WHAT IS NEEDED:
Find every line in the records below that contains the word "times", and copy each such line.

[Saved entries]

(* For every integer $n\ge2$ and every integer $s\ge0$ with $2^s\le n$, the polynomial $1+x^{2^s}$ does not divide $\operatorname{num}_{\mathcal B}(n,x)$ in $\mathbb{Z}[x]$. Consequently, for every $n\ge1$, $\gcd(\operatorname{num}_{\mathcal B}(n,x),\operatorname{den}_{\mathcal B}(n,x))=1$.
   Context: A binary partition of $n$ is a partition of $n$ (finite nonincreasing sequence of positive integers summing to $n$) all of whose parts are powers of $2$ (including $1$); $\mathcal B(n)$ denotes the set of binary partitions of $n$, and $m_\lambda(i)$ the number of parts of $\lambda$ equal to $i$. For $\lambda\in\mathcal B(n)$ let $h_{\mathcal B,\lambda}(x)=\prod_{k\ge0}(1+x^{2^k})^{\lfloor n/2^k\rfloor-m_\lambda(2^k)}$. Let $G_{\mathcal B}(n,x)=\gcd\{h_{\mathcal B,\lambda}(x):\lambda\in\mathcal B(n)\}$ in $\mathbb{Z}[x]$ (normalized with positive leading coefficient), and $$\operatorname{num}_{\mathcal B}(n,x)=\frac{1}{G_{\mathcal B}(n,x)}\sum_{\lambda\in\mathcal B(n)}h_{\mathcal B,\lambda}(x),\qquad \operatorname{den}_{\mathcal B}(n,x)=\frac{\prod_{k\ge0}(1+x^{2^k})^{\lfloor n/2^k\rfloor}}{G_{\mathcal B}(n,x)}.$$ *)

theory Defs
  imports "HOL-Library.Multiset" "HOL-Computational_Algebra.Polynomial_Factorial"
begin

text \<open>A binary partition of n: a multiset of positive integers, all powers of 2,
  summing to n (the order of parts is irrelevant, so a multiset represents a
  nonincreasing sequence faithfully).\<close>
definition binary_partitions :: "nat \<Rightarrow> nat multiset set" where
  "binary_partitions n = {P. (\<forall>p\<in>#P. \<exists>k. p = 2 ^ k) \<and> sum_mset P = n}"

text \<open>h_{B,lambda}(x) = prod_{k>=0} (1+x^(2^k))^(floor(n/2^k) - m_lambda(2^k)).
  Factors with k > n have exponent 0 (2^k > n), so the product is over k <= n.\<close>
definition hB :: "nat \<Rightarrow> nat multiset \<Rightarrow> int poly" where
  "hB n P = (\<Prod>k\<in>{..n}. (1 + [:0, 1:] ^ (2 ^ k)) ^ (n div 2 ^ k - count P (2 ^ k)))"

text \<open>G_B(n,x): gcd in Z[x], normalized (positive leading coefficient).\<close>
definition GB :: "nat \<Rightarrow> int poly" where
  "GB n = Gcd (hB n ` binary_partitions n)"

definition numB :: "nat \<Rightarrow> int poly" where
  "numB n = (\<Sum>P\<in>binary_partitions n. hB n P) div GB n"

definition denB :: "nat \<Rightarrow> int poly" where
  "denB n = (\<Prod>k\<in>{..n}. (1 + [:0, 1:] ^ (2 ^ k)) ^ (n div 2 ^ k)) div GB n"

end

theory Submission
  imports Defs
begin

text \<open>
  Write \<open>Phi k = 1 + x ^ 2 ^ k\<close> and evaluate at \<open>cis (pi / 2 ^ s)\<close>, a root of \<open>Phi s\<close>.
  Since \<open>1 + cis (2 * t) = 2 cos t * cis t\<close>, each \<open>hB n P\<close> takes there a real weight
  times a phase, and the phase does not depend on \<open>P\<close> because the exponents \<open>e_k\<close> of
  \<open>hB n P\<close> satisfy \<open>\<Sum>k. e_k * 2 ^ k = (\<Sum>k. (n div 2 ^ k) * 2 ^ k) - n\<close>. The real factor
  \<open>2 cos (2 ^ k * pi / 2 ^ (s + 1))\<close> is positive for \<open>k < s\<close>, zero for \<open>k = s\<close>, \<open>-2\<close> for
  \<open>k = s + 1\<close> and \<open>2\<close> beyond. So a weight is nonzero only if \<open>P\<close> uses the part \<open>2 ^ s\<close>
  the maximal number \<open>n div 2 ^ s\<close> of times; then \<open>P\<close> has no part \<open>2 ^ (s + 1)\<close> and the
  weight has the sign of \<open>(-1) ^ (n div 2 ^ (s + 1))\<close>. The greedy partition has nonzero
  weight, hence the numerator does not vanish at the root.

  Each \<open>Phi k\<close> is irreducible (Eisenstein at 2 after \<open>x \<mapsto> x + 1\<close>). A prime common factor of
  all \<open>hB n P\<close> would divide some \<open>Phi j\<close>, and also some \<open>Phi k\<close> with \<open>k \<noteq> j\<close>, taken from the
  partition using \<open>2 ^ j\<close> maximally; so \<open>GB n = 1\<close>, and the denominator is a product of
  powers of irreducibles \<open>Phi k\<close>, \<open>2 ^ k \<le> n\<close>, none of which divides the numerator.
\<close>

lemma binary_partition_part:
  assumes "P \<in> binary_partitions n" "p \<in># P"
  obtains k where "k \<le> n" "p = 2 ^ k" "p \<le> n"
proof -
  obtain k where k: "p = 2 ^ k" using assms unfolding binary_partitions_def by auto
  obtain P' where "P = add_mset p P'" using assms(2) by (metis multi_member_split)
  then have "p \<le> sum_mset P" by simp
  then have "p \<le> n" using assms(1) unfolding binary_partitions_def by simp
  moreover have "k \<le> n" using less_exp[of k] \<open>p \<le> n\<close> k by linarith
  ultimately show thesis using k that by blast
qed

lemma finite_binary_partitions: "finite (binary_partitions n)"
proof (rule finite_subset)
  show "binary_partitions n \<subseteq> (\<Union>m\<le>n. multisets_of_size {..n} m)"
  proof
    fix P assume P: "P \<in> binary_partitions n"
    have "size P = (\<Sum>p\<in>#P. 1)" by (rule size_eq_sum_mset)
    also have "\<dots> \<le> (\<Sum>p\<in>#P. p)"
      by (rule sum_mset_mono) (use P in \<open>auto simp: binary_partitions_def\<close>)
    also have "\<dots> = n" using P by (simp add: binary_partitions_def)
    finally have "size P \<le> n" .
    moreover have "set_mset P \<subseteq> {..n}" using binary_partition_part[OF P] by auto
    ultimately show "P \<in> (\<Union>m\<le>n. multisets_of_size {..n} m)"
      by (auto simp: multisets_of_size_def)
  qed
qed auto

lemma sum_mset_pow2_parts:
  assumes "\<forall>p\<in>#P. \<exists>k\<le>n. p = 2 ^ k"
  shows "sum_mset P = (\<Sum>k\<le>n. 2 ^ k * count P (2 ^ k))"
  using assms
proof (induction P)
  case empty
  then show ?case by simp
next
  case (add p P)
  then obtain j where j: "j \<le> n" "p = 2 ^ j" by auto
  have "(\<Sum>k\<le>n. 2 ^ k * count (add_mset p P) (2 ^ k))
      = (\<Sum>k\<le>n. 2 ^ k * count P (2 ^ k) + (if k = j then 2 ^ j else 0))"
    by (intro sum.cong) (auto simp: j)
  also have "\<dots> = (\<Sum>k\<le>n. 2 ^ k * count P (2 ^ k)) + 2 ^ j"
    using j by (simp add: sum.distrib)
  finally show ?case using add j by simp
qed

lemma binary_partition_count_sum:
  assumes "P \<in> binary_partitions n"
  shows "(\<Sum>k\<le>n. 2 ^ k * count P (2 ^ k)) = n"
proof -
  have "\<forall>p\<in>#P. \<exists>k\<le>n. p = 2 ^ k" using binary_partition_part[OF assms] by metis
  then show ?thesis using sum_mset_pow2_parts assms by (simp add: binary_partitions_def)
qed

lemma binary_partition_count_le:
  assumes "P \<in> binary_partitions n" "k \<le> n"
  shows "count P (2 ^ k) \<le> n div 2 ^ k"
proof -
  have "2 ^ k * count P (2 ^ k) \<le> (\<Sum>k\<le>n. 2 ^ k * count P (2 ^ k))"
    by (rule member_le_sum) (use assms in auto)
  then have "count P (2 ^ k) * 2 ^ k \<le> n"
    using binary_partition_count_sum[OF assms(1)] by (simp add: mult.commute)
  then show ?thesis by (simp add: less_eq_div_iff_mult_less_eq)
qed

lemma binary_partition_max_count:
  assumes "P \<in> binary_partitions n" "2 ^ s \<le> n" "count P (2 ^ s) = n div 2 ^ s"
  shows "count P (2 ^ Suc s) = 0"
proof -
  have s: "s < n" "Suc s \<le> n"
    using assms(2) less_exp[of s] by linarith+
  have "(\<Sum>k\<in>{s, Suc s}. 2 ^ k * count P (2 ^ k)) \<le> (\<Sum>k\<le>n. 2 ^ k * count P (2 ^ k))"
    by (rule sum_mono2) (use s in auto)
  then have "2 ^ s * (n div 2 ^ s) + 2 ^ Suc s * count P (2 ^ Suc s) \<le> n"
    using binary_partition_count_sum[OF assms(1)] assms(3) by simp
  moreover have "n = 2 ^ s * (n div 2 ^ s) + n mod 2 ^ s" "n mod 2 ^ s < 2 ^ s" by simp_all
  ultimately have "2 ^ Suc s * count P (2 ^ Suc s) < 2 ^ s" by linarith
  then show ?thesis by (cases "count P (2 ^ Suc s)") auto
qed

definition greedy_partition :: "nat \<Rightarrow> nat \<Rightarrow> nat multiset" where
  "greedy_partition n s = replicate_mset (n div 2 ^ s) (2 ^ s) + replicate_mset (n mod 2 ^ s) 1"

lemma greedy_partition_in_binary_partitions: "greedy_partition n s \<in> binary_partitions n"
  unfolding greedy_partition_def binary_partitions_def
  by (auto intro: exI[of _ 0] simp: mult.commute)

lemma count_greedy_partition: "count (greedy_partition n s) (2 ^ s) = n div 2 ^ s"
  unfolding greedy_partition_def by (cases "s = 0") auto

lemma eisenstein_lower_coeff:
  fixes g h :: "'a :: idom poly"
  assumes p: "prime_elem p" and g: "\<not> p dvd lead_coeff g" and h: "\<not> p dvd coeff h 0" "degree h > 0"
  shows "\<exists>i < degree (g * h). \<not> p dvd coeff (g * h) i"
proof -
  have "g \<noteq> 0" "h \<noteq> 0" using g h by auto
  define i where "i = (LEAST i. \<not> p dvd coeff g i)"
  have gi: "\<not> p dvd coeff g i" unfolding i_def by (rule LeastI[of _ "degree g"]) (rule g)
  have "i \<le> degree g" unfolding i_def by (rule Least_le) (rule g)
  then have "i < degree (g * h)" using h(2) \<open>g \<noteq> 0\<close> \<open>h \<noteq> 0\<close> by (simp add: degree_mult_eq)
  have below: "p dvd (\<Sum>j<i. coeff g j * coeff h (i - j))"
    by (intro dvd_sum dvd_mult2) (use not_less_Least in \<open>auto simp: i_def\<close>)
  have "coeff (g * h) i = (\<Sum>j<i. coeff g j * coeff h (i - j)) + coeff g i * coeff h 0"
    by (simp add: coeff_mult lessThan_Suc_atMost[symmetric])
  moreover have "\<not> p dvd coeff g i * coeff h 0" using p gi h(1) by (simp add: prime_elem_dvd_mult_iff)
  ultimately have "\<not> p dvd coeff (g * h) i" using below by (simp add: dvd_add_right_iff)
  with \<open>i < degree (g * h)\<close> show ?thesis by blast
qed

OUTPUT BELOW:
  times a phase, and the phase does not depend on \<open>P\<close> because the exponents \<open>e_k\<close> of
  the maximal number \<open>n div 2 ^ s\<close> of times; then \<open>P\<close> has no part \<open>2 ^ (s + 1)\<close> and the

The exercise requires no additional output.